Um ídolo que também é quebrado e não vi você falar é o Kona com a Asura. Aparentemente ele consegue até ver ou sentir ela mesmo depois de ela morrer mas ele fica em uma negação tão grande que se quer pensa na possibilidade de que o que a Mimihime está vendo é ela.
inclusive, uma coisa é que a série me dá muita vontade de rever, como por exemplo a possibilidade de o comedor de homens peixe ser a Kuku, aquela que ajuda Tokio a ir ver os bebês.
Enfim, é isso, obrigade pelo texto.
See you bye bye
Opa, desculpe a demora, mas sim a iniciativa era realmente evitar dar spoiler porque senti que acabou sendo pouco visto na avalanche de coisas desse ano.

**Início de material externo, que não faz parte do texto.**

lemma candidate_exhausting_sequence:
  obtains R :: "nat \<Rightarrow> real" where "\<And>k. R k \<in> eta_domain x0 eta"
    and "AE p in \<nu>s. eventually (\<lambda>k. snd p \<le> R k) sequentially"
proof -
  obtain R where R: "\<And>k. R k \<in> eta_domain x0 eta"
    and exhausting: "\<And>y. y \<in> eta_domain x0 eta \<Longrightarrow> eventually (\<lambda>k. y \<le> R k) sequentially"
    using exhausting_sequence[of "eta_domain x0 eta"] eta_domain_self by blast
  show ?thesis
  proof (rule that[OF R])
    show "AE p in \<nu>s. eventually (\<lambda>k. snd p \<le> R k) sequentially"
      using AE_candidate_eta_domain by eventually_elim (rule exhausting)
  qed
qed

text \<open>Writing \<open>h\<close> for the penalty and \<open>T\<close> for the truncation at \<open>r\<close>, we have \<open>E[h \<circ> T] = 0\<close>, and
  \<open>h - h \<circ> T\<close> vanishes below \<open>r\<close>; above \<open>r\<close> it is \<open>(h - c X) + c (X - r) + (c r - h(r, r))\<close>,
  where \<open>E[X - r; Y > r] = 0\<close> and the last term is nonnegative.\<close>
lemma integral_tail_le_candidate_penalty:
  assumes r: "r \<in> eta_domain x0 eta"
  shows "(\<integral>p. (if r < snd p then penalty p - max 0 (K + gam) / x0 * fst p else 0) \<partial>\<nu>s)
    \<le> (\<integral>p. penalty p \<partial>\<nu>s)"
proof -
  define c where "c = max 0 (K + gam) / x0"
  interpret prob_space \<nu>s by (rule prob_space_candidate)
  have "x0 \<le> r" using r by (simp add: eta_domain_def)
  have above: "AE p in \<nu>s. x0 \<le> snd p" using AE_candidate_support by eventually_elim simp
  note truncated = integral_truncated_eta_penalty[OF finite_measure_axioms sets_candidate above
      integrable_candidate_fst candidate_constraint r measurable_penalty]
  define tail :: "(real \<times> real \<Rightarrow> real) \<Rightarrow> real \<times> real \<Rightarrow> real"
    where "tail f p = (if r < snd p then f p else 0)" for f p
  have tail_int: "integrable \<nu>s (tail f)" if "integrable \<nu>s f" for f
    unfolding tail_def using sets_candidate that by (rule integrable_tail)
  have tail_fst: "(\<integral>p. tail (\<lambda>p. fst p - r) p \<partial>\<nu>s) = 0"
    unfolding tail_def
    by (rule constraint_strict[OF finite_measure_axioms sets_candidate integrable_candidate_fst
          candidate_constraint \<open>x0 \<le> r\<close>])
  have integrable_tails: "integrable \<nu>s (tail (\<lambda>p. penalty p - c * fst p))"
    "integrable \<nu>s (tail (\<lambda>p. fst p - r))" "integrable \<nu>s (tail (\<lambda>_. 1))"
    using integrable_candidate_penalty integrable_candidate_fst by (auto intro!: tail_int)
  have "c * r - penalty (r, r) \<ge> 0"
    using penalty_diagonal_le[OF r] x0_pos by (simp add: c_def field_simps)
  moreover have "0 \<le> (\<integral>p. tail (\<lambda>_. 1) p \<partial>\<nu>s)"
    by (rule integral_nonneg_AE) (simp add: tail_def)
  ultimately have "(\<integral>p. tail (\<lambda>p. penalty p - c * fst p) p \<partial>\<nu>s)
      \<le> (\<integral>p. tail (\<lambda>p. penalty p - c * fst p) p \<partial>\<nu>s) + c * (\<integral>p. tail (\<lambda>p. fst p - r) p \<partial>\<nu>s)
        + (c * r - penalty (r, r)) * (\<integral>p. tail (\<lambda>_. 1) p \<partial>\<nu>s)"
    using tail_fst by simp
  also have "\<dots> = (\<integral>p. tail (\<lambda>p. penalty p - c * fst p) p + c * tail (\<lambda>p. fst p - r) p
        + (c * r - penalty (r, r)) * tail (\<lambda>_. 1) p \<partial>\<nu>s)"
    using integrable_tails by simp
  also have "\<dots> = (\<integral>p. penalty p - penalty (truncate_at r p) \<partial>\<nu>s)"
    by (intro Bochner_Integration.integral_cong) (auto simp: tail_def truncate_at_def algebra_simps)
  also have "\<dots> = (\<integral>p. penalty p \<partial>\<nu>s)"
    using Bochner_Integration.integral_diff[OF integrable_candidate_penalty truncated(1)] truncated(2)
    by simp
  finally show ?thesis unfolding tail_def c_def .
qed

lemma integral_candidate_penalty_nonneg: "0 \<le> (\<integral>p. penalty p \<partial>\<nu>s)"
proof -
  obtain R where R: "\<And>k. R k \<in> eta_domain x0 eta"
    and exhausting: "AE p in \<nu>s. eventually (\<lambda>k. snd p \<le> R k) sequentially"
    using candidate_exhausting_sequence by blast
  define c where "c = max 0 (K + gam) / x0"
  have "(\<lambda>k. \<integral>p. (if R k < snd p then penalty p - c * fst p else 0) \<partial>\<nu>s) \<longlonglongrightarrow> 0"
    using integrable_candidate_penalty integrable_candidate_fst
    by (intro tendsto_integral_tail[OF sets_candidate _ exhausting]) simp
  then show ?thesis
    using integral_tail_le_candidate_penalty[OF R] unfolding c_def by (intro LIMSEQ_le_const2) auto
qed

lemma G_tendsto_1:
  fixes R :: "nat \<Rightarrow> real"
  assumes exhausting: "AE p in \<nu>s. eventually (\<lambda>k. snd p \<le> R k) sequentially"
  shows "(\<lambda>k. G (R k)) \<longlonglongrightarrow> 1"
proof (rule tendsto_sandwich[where f="\<lambda>k. 1 - (\<integral>p. (if R k < snd p then 1 else 0 :: real) \<partial>\<nu>s)"])
  interpret prob_space \<nu>s by (rule prob_space_candidate)
  have "(\<lambda>k. \<integral>p. (if R k < snd p then 1 else 0 :: real) \<partial>\<nu>s) \<longlonglongrightarrow> 0"
    using tendsto_integral_tail[OF sets_candidate _ exhausting, of "\<lambda>_. 1"] by simp
  from tendsto_diff[OF tendsto_const this]
  show "(\<lambda>k. 1 - (\<integral>p. (if R k < snd p then 1 else 0 :: real) \<partial>\<nu>s)) \<longlonglongrightarrow> 1"
    by simp
  show "eventually (\<lambda>k. G (R k) \<le> 1) sequentially" using G_le_1 by simp
  have "1 - (\<integral>p. (if R k < snd p then 1 else 0 :: real) \<partial>\<nu>s) \<le> G (R k)" for k
  proof -
    define A :: "(real \<times> real) set" where "A = {0..R k} \<times> {0<..}"
    have tail_int: "integrable \<nu>s (\<lambda>p. if R k < snd p then 1 else 0 :: real)"
      using integrable_tail[OF sets_candidate, of "\<lambda>_. 1"] by simp
    have "A \<in> sets \<nu>s"
      unfolding A_def sets_candidate by (simp add: borel_Times)
    have "(\<integral>p. 1 - (if R k < snd p then 1 else 0 :: real) \<partial>\<nu>s) \<le> (\<integral>p. indicator A p \<partial>\<nu>s)"
    proof (rule integral_mono_AE)
      show "integrable \<nu>s (indicator A :: real \<times> real \<Rightarrow> real)"
        using \<open>A \<in> sets \<nu>s\<close> by (intro integrable_real_indicator) (auto simp: less_top[symmetric])
      show "AE p in \<nu>s. 1 - (if R k < snd p then 1 else 0) \<le> (indicator A p :: real)"
        using AE_candidate_support
        by eventually_elim (use x0_pos in \<open>auto simp: A_def indicator_def\<close>)
    qed (use tail_int in simp)
    also have "\<dots> = G (R k)"
      using \<open>A \<in> sets \<nu>s\<close> by (simp add: Gstar_def A_def)
    finally show ?thesis
      using tail_int by (simp add: Bochner_Integration.integral_diff prob_space)
  qed
  then show "eventually (\<lambda>k. 1 - (\<integral>p. (if R k < snd p then 1 else 0 :: real) \<partial>\<nu>s) \<le> G (R k)) sequentially"
    by simp
qed simp

lemma lag_val_candidate_le: "L \<nu>s \<le> (\<integral>p. pay p \<partial>\<nu>s)"
proof -
  have "L \<nu>s = (\<integral>p. pay p \<partial>\<nu>s) - (\<integral>p. penalty p \<partial>\<nu>s)"
    using prob_space_candidate
    by (rule lag_val_eq) (use integrable_pay[OF prob_space.finite_measure[OF prob_space_candidate]
        sets_candidate] integrable_candidate_fst candidate_mean integrable_candidate_penalty in auto)
  with integral_candidate_penalty_nonneg show ?thesis by simp
qed

lemma lag_val_truncated:
  assumes "\<nu> \<in> E_set x0" and "prob_space \<nu>" and fst: "integrable \<nu> fst"
    and mean: "(\<integral>p. fst p \<partial>\<nu>) = x0"
    and constraint: "\<forall>z\<ge>x0. (\<integral>p. (if z \<le> snd p then fst p - z else 0) \<partial>\<nu>) = 0"
    and r: "r \<in> eta_domain x0 eta"
  shows "distr \<nu> borel (truncate_at r) \<in> E_set x0"
    and "lag_defined n K G x0 lam gam eta (distr \<nu> borel (truncate_at r))"
    and "L (distr \<nu> borel (truncate_at r)) = (\<integral>p. pay p \<partial>distr \<nu> borel (truncate_at r))"
proof -
  interpret prob_space \<nu> by fact
  define \<nu>r where "\<nu>r = distr \<nu> borel (truncate_at r)"
  have sets [measurable_cong]: "sets \<nu> = sets borel" using assms(1) by (rule E_set_sets)
  have sets_r [measurable_cong]: "sets \<nu>r = sets borel" by (simp add: \<nu>r_def)
  have prob_r: "prob_space \<nu>r" unfolding \<nu>r_def by (rule prob_space_distr) simp
  have "x0 \<le> r" using r by (simp add: eta_domain_def)
  have support: "AE p in \<nu>. 0 \<le> fst p \<and> 0 \<le> snd p \<and> fst p \<le> snd p \<and> x0 \<le> snd p"
    using assms(1) sets by (simp add: E_set_iff_AE)
  then have "AE p in \<nu>. x0 \<le> snd p" by eventually_elim simp
  note truncated = integral_truncated_eta_penalty[OF finite_measure_axioms sets this fst constraint r
      measurable_penalty]
  note constraints = truncate_at_constraints[OF finite_measure_axioms sets fst constraint \<open>x0 \<le> r\<close>]
  have "AE p in \<nu>. (\<lambda>q. (0 \<le> fst q \<and> 0 \<le> snd q \<and> fst q \<le> snd q \<and> x0 \<le> snd q) \<and> snd q \<le> r)
      (truncate_at r p)"
    using support by eventually_elim (use \<open>x0 \<le> r\<close> x0_pos in \<open>auto simp: truncate_at_def\<close>)
  then have support_r: "AE p in \<nu>r. (0 \<le> fst p \<and> 0 \<le> snd p \<and> fst p \<le> snd p \<and> x0 \<le> snd p) \<and> snd p \<le> r"
    unfolding \<nu>r_def by (subst AE_distr_iff) auto
  then show "distr \<nu> borel (truncate_at r) \<in> E_set x0"
    unfolding \<nu>r_def[symmetric] E_set_iff_AE[OF sets_r] by eventually_elim simp
  have fst_r: "integrable \<nu>r fst" "(\<integral>p. fst p \<partial>\<nu>r) = x0"
    using constraints(1,2) mean unfolding \<nu>r_def by (simp_all add: integrable_distr_eq integral_distr)
  have penalty_r: "integrable \<nu>r penalty" "(\<integral>p. penalty p \<partial>\<nu>r) = 0"
    using truncated unfolding \<nu>r_def by (simp_all add: integrable_distr_eq integral_distr)
  have pay_r: "integrable \<nu>r pay"
    using integrable_pay[OF prob_space.finite_measure[OF prob_r] sets_r] .
  have "AE p in \<nu>r. set_integrable lborel {x0..snd p} (\<lambda>z. eta z * (fst p - z))"
    using support_r by eventually_elim (use r in \<open>auto intro: set_integrable_penalty_of_eta_domain\<close>)
  moreover have "integrable \<nu>r lag"
    using pay_r fst_r penalty_r prob_space.finite_measure[OF prob_r] 
    by (simp add: lag_integrand_eq[abs_def] finite_measure.integrable_const)
  ultimately show "lag_defined n K G x0 lam gam eta (distr \<nu> borel (truncate_at r))"
    unfolding \<nu>r_def[symmetric] lag_defined_def ..
  show "L (distr \<nu> borel (truncate_at r)) = (\<integral>p. pay p \<partial>distr \<nu> borel (truncate_at r))"
    using lag_val_eq[OF prob_r pay_r fst_r penalty_r(1)] penalty_r(2) unfolding \<nu>r_def by simp
qed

Falando especialmente do rosto igual ao Maru, eu não acredito que seja a Tokio. Para mim, tudo que acontece dentro do paraíso nessa temporada é um grande prequel, quando os garotos escapam ao final, eles dão origem ao apocalípse. Tenho grandes convicções que o Maru é um dos dois bebês da Tokio, e ele está buscando o gêmeo dele.
Isso explicaria o motivo dos Comedores de Homens serem semelhantes aos desenhos do Kona, afinal, como descobrimos, a doença faz com que os infectados se tornem Comedores de Homens. E quando as crianças escaparam, provavelmente todas infectadas, não havia cura desenvolvida.